- Records to process:
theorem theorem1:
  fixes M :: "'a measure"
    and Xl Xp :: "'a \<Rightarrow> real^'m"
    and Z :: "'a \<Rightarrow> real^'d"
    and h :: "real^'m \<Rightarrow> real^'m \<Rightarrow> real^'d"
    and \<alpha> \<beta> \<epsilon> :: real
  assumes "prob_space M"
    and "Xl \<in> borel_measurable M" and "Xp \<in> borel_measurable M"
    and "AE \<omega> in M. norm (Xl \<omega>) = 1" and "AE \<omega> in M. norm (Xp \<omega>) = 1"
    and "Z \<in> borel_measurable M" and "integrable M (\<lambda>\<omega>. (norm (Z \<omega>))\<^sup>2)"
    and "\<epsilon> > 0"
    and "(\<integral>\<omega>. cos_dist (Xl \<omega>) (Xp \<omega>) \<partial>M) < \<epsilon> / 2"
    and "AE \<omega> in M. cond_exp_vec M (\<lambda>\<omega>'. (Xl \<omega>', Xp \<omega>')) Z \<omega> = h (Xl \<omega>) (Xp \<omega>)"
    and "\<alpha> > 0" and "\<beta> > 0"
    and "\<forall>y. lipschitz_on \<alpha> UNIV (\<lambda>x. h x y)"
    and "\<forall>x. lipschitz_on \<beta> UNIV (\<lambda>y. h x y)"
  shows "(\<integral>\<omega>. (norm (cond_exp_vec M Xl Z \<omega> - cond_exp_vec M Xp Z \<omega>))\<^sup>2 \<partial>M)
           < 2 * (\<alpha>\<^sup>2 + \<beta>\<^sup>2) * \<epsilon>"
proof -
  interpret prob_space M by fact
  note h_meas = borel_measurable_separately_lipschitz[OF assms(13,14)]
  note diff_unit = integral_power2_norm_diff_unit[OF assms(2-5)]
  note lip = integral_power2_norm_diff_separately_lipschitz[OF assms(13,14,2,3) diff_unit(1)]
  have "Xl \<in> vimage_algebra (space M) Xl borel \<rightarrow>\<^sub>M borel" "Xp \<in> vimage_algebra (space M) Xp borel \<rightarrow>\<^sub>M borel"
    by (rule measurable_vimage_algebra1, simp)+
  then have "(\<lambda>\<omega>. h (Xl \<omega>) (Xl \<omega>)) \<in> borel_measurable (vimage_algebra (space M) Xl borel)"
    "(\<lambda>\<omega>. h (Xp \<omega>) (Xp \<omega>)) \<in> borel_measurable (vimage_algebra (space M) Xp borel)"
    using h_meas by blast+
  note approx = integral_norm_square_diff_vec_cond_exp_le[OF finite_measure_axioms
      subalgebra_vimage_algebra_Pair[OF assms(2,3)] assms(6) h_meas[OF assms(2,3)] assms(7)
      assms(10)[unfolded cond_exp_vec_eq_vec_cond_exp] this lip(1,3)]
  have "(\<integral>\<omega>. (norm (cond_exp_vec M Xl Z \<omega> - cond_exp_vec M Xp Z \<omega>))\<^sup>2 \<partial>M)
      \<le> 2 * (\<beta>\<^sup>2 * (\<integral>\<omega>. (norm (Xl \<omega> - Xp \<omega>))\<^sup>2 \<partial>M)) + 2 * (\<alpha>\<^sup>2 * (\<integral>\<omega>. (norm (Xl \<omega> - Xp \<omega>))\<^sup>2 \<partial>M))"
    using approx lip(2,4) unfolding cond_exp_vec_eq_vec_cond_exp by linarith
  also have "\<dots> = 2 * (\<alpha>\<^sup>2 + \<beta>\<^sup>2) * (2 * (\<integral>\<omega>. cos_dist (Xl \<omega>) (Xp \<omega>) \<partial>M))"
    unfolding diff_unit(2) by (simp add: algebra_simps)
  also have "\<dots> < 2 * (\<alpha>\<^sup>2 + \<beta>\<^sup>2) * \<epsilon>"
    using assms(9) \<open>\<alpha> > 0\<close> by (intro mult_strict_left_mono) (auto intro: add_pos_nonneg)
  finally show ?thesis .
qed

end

- Action item: Transcribe the line that contains "using approx lip(2,4)" exactly, then each line after it through the end of the material. Nothing else belongs in the output.

- Answer below:
    using approx lip(2,4) unfolding cond_exp_vec_eq_vec_cond_exp by linarith
  also have "\<dots> = 2 * (\<alpha>\<^sup>2 + \<beta>\<^sup>2) * (2 * (\<integral>\<omega>. cos_dist (Xl \<omega>) (Xp \<omega>) \<partial>M))"
    unfolding diff_unit(2) by (simp add: algebra_simps)
  also have "\<dots> < 2 * (\<alpha>\<^sup>2 + \<beta>\<^sup>2) * \<epsilon>"
    using assms(9) \<open>\<alpha> > 0\<close> by (intro mult_strict_left_mono) (auto intro: add_pos_nonneg)
  finally show ?thesis .
qed

end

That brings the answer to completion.